David Ouyang, Bryan He, Amirata Ghorbani, Matt P Lungren, Euan A Ashley, David H Liang, James Y Zou
NeurIPS ML4H Workshop
Machine learning analysis of biomedical images has seen significant recent advances. In contrast, there has been much less work on medical videos, despite the fact that videos are routinely used in many clinical settings. A major bottleneck for this is the the lack of openly available and well annotated medical video data. Computer vision has benefited greatly from many open databases which allow for collaboration, comparison, and creation of medical task specific architectures.

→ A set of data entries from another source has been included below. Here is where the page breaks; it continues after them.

(* Let $\mathbf{B}$ be a unital ring and $F\colon\mathfrak{XMod}\to\mathfrak{Mod}$ a module functor. Then $F$ is polynomial of degree at most $n$ if and only if the additive functor $\Phi(F)\colon\mathfrak{Laby}\to\mathfrak{Mod}$ vanishes on all finite sets with more than $n$ elements; equivalently, if and only if $\Phi(F)$ vanishes on all mazes with more than $n$ passages.
   Context: $\mathfrak{XMod}$: finitely generated free right $\mathbf{B}$-modules with right-module homomorphisms; $\mathfrak{Mod}$: all $\mathbf{B}$-modules; a module functor is any (not necessarily additive) functor $\mathfrak{XMod}\to\mathfrak{Mod}$. For homomorphisms $\alpha_1,\dots,\alpha_k$ with common source and target, $F(\alpha_1\diamond\cdots\diamond\alpha_k)=\sum_{I\subseteq\{1,\dots,k\}}(-1)^{k-|I|}F(\sum_{i\in I}\alpha_i)$. $F$ is polynomial of degree at most $n$ if $F(\alpha_1\diamond\cdots\diamond\alpha_{n+1})=0$ for all homomorphisms $\alpha_1,\dots,\alpha_{n+1}\colon M\to N$ and all $M,N$. For a finite set $X$, $\mathbf{B}^X$ has basis $(e_x)$; $b\sigma_{yx}\colon\mathbf{B}^X\to\mathbf{B}^Y$ is the map $e_x\mapsto e_yb$, $e_{x'}\mapsto 0$ ($x'\ne x$); $\pi_x=\sigma_{xx}$; $\mathrm{cr}_XF(\mathbf{B})=\operatorname{Im}F(\diamond_{x\in X}\pi_x)$. A passage $p\colon x\to y$ between elements of finite sets carries a label $\overline p\in\mathbf{B}$. A maze $P\colon X\to Y$ is a finite multi-set of passages from elements of $X$ to elements of $Y$ such that each element of $X$ is a source and each element of $Y$ a target of some passage. $\mathfrak{Laby}$ is the category whose objects are formal finite direct sums of finite sets and whose hom-group $\mathfrak{Laby}(X,Y)$ is generated by mazes $X\to Y$ modulo the relations $P\cup\{x\xrightarrow{0}y\}=0$ and $P\cup\{x\xrightarrow{a+b}y\}=P\cup\{x\xrightarrow{a}y\}+P\cup\{x\xrightarrow{b}y\}+P\cup\{x\xrightarrow{a}y,x\xrightarrow{b}y\}$ (for multi-sets of passages $P$), with composition $P\circ Q=\sum_{U\sqsubseteq P\boxtimes Q}U$, where $U$ ranges over sub-multi-sets of the multi-set of composable pairs $(p,q)$ ($q\colon x\to y\in Q$, $p\colon y\to z\in P$) using every passage occurrence of $P$ and of $Q$, and $U$ is read as the maze with passages $x\xrightarrow{\overline p\,\overline q}z$. $\Phi(F)\colon\mathfrak{Laby}\to\mathfrak{Mod}$ is the additive functor with $\Phi(F)(X)=\mathrm{cr}_XF(\mathbf{B})$ and $\Phi(F)(P)$ the restriction of $F(\diamond_{p\in P}\overline p\sigma_{y_px_p})$ (product over passage occurrences $p\colon x_p\to y_p$) to $\mathrm{cr}_XF(\mathbf{B})\to\mathrm{cr}_YF(\mathbf{B})$. *)

theory Defs
  imports Main "HOL-Library.Multiset"
begin

text \<open>
  Model of XMod: the finitely generated free right B-module B^X, for X a finite
  set of natural numbers (every f.g. free module is isomorphic to one of these,
  so this full subcategory is equivalent to XMod).  A homomorphism
  B^X -> B^Y is a Y x X matrix A (entry A y x), acting on column vectors; it
  sends e_x to the sum of e_y (A y x).
\<close>

type_synonym 'b mat = "nat \<Rightarrow> nat \<Rightarrow> 'b"

definition hom :: "nat set \<Rightarrow> nat set \<Rightarrow> ('b::zero) mat set" where
  "hom X Y = {A. \<forall>y x. A y x \<noteq> 0 \<longrightarrow> y \<in> Y \<and> x \<in> X}"

definition idm :: "nat set \<Rightarrow> ('b::{zero,one}) mat" where
  "idm X = (\<lambda>y x. if x \<in> X \<and> y = x then 1 else 0)"

definition mcomp :: "nat set \<Rightarrow> ('b::semiring_0) mat \<Rightarrow> 'b mat \<Rightarrow> 'b mat" where
  "mcomp Y A C = (\<lambda>z x. \<Sum>y\<in>Y. A z y * C y x)"

definition msum :: "'k set \<Rightarrow> ('k \<Rightarrow> ('b::comm_monoid_add) mat) \<Rightarrow> 'b mat" where
  "msum I \<alpha> = (\<lambda>y x. \<Sum>i\<in>I. \<alpha> i y x)"

definition sigma :: "'b \<Rightarrow> nat \<Rightarrow> nat \<Rightarrow> ('b::zero) mat" where
  "sigma b y x = (\<lambda>y' x'. if y' = y \<and> x' = x then b else 0)"

definition is_rmodule :: "('v::ab_group_add) set \<Rightarrow> ('v \<Rightarrow> 'b::ring_1 \<Rightarrow> 'v) \<Rightarrow> bool" where
  "is_rmodule M act \<longleftrightarrow>
     0 \<in> M \<and> (\<forall>v\<in>M. \<forall>w\<in>M. v + w \<in> M) \<and> (\<forall>v\<in>M. - v \<in> M) \<and>
     (\<forall>v\<in>M. \<forall>b. act v b \<in> M) \<and>
     (\<forall>v\<in>M. \<forall>w\<in>M. \<forall>b. act (v + w) b = act v b + act w b) \<and>
     (\<forall>v\<in>M. \<forall>a b. act v (a + b) = act v a + act v b) \<and>
     (\<forall>v\<in>M. \<forall>a b. act v (a * b) = act (act v a) b) \<and>
     (\<forall>v\<in>M. act v 1 = v)"

text \<open>A (not necessarily additive) functor F : XMod -> Mod.  Fo X is the module F(B^X)
  (with action act X), Fm X Y A is F applied to A : B^X -> B^Y.\<close>
definition module_functor ::
  "(nat set \<Rightarrow> ('v::ab_group_add) set) \<Rightarrow> (nat set \<Rightarrow> 'v \<Rightarrow> 'b::ring_1 \<Rightarrow> 'v)
     \<Rightarrow> (nat set \<Rightarrow> nat set \<Rightarrow> 'b mat \<Rightarrow> 'v \<Rightarrow> 'v) \<Rightarrow> bool" where
  "module_functor Fo act Fm \<longleftrightarrow>
     (\<forall>X. finite X \<longrightarrow> is_rmodule (Fo X) (act X)) \<and>
     (\<forall>X Y A. finite X \<and> finite Y \<and> A \<in> hom X Y \<longrightarrow>
        (\<forall>v\<in>Fo X. Fm X Y A v \<in> Fo Y) \<and>
        (\<forall>v\<in>Fo X. \<forall>w\<in>Fo X. Fm X Y A (v + w) = Fm X Y A v + Fm X Y A w) \<and>
        (\<forall>v\<in>Fo X. \<forall>b. Fm X Y A (act X v b) = act Y (Fm X Y A v) b)) \<and>
     (\<forall>X. finite X \<longrightarrow> (\<forall>v\<in>Fo X. Fm X X (idm X) v = v)) \<and>
     (\<forall>X Y Z A C. finite X \<and> finite Y \<and> finite Z \<and> C \<in> hom X Y \<and> A \<in> hom Y Z \<longrightarrow>
        (\<forall>v\<in>Fo X. Fm X Z (mcomp Y A C) v = Fm Y Z A (Fm X Y C v)))"

definition sgnv :: "nat \<Rightarrow> 'v::ab_group_add \<Rightarrow> 'v" where
  "sgnv k v = (if even k then v else - v)"

definition diamond ::
  "(nat set \<Rightarrow> nat set \<Rightarrow> 'b mat \<Rightarrow> 'v \<Rightarrow> 'v) \<Rightarrow> nat set \<Rightarrow> nat set \<Rightarrow> 'k set
     \<Rightarrow> ('k \<Rightarrow> ('b::comm_monoid_add) mat) \<Rightarrow> 'v::ab_group_add \<Rightarrow> 'v" where
  "diamond Fm X Y K \<alpha> v = (\<Sum>I\<in>Pow K. sgnv (card K - card I) (Fm X Y (msum I \<alpha>) v))"

definition poly_deg_le ::
  "(nat set \<Rightarrow> ('v::ab_group_add) set) \<Rightarrow> (nat set \<Rightarrow> nat set \<Rightarrow> ('b::comm_monoid_add) mat \<Rightarrow> 'v \<Rightarrow> 'v)
     \<Rightarrow> nat \<Rightarrow> bool" where
  "poly_deg_le Fo Fm n \<longleftrightarrow>
     (\<forall>X Y (\<alpha>::nat \<Rightarrow> 'b mat). finite X \<and> finite Y \<and> (\<forall>i<Suc n. \<alpha> i \<in> hom X Y) \<longrightarrow>
        (\<forall>v\<in>Fo X. diamond Fm X Y {..<Suc n} \<alpha> v = 0))"

text \<open>cr_X F(B) = Im F(<>_{x in X} pi_x), a subset of F(B^X).\<close>
definition cr ::
  "(nat set \<Rightarrow> ('v::ab_group_add) set) \<Rightarrow> (nat set \<Rightarrow> nat set \<Rightarrow> ('b::{comm_monoid_add,one}) mat \<Rightarrow> 'v \<Rightarrow> 'v)
     \<Rightarrow> nat set \<Rightarrow> 'v set" where
  "cr Fo Fm X = diamond Fm X X X (\<lambda>x. sigma 1 x x) ` Fo X"

text \<open>Passages: (source, target, label).  A maze X -> Y is a finite multiset of passages.\<close>
type_synonym 'b passage = "nat \<times> nat \<times> 'b"

definition is_maze :: "nat set \<Rightarrow> nat set \<Rightarrow> 'b passage multiset \<Rightarrow> bool" where
  "is_maze X Y P \<longleftrightarrow>
     (\<forall>(x, y, b) \<in> set_mset P. x \<in> X \<and> y \<in> Y) \<and>
     (\<forall>x\<in>X. \<exists>(x', y, b) \<in> set_mset P. x' = x) \<and>
     (\<forall>y\<in>Y. \<exists>(x, y', b) \<in> set_mset P. y' = y)"

definition occs :: "'b passage multiset \<Rightarrow> ('b passage \<times> nat) set" where
  "occs P = {(p, j). p \<in># P \<and> j < count P p}"

definition passage_map :: "('b::zero) passage \<Rightarrow> 'b mat" where
  "passage_map p = (case p of (x, y, b) \<Rightarrow> sigma b y x)"

text \<open>Phi(F)(P) (before restriction to cr_X): F(<>_{p in P} label(p) sigma_{y_p x_p}).\<close>
definition Phi_maze ::
  "(nat set \<Rightarrow> nat set \<Rightarrow> ('b::comm_monoid_add) mat \<Rightarrow> 'v \<Rightarrow> 'v) \<Rightarrow> nat set \<Rightarrow> nat set
     \<Rightarrow> 'b passage multiset \<Rightarrow> 'v::ab_group_add \<Rightarrow> 'v" where
  "Phi_maze Fm X Y P v = diamond Fm X Y (occs P) (\<lambda>q. passage_map (fst q)) v"

end

theory Submission
  imports Defs "HOL-Library.Nat_Bijection"
begin

text \<open>The cross effects \<open>F(\<alpha>\<^sub>1 \<diamond> \<dots> \<diamond> \<alpha>\<^sub>k)\<close> are alternating sums over subfamilies, i.e. iterated
  finite differences. If \<open>F\<close> has degree \<open>\<le> n\<close>, merging two members \<open>\<alpha>\<^sub>a, \<alpha>\<^sub>b\<close> into \<open>\<alpha>\<^sub>a + \<alpha>\<^sub>b\<close>
  expresses a cross effect of \<open>k + 1\<close> maps by three of \<open>k\<close> maps, so all cross effects of more than
  \<open>n\<close> maps vanish; in particular on \<open>cr\<^sub>X F(B)\<close> for \<open>|X| > n\<close>, and on every maze with more than
  \<open>n\<close> passages. Conversely, \<open>n + 1\<close> maps \<open>B\<^sup>X \<rightarrow> B\<^sup>Y\<close> factor through \<open>B\<^bsup>X \<times> (n+1)\<^esup>\<close> so that
  their partial sums become images of sums of coordinate projections; by Moebius inversion
  \<open>F\<close> of such a projection is the sum of the cross effects along its subsets \<open>J\<close>, each of which
  factors through \<open>cr\<^sub>J F(B)\<close>. The alternating sum kills every \<open>J\<close> missing one of the
  \<open>n + 1\<close> copies, and the remaining ones have \<open>|J| > n\<close>. Finally, the maze of identity passages
  on \<open>X\<close> acts as the identity on \<open>cr\<^sub>X F(B)\<close>, which gives the maze criterion.\<close>

lemma sgnv_Suc [simp]: "sgnv (Suc k) x = - sgnv k x"
  by (simp add: sgnv_def)

lemma sgnv_diff: "sgnv k (x - y) = sgnv k x - sgnv k y"
  by (simp add: sgnv_def)

lemma sgnv_zero [simp]: "sgnv k 0 = 0"
  by (simp add: sgnv_def)

lemma sgnv_sum: "sgnv k (sum f A) = (\<Sum>a\<in>A. sgnv k (f a))"
  by (simp add: sgnv_def sum_negf)

lemma inj_on_insert_Pow: "a \<notin> K \<Longrightarrow> inj_on (insert a) (Pow K)"
  by (intro inj_onI) (metis PowD insert_ident subsetD)

definition alternating_sum :: "'k set \<Rightarrow> ('k set \<Rightarrow> 'v::ab_group_add) \<Rightarrow> 'v" where
  "alternating_sum K h = (\<Sum>I\<in>Pow K. sgnv (card K - card I) (h I))"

We present the EchoNet-Dynamic Dataset of 10,036 echocardiography videos, spanning the range of typical echocardiography lab imaging conditions, with corresponding labeled measurements including ejection fraction, left ventricular volume at end-systole and end-diastole, and human expert tracings of the left ventricle as an aid in studying automated approaches to evaluate cardiac function. We additionally present the performance of three 3D convolutional architectures for video classification used to assess ejection fraction to near-expert human performance and as a benchmark for further collaboration, comparison, and creation of task-specific architectures. To the best of our knowledge, this is the largest labeled medical video dataset made available publicly to researchers and medical professionals and first public report of video-based 3D convolutional architectures to assess cardiac function.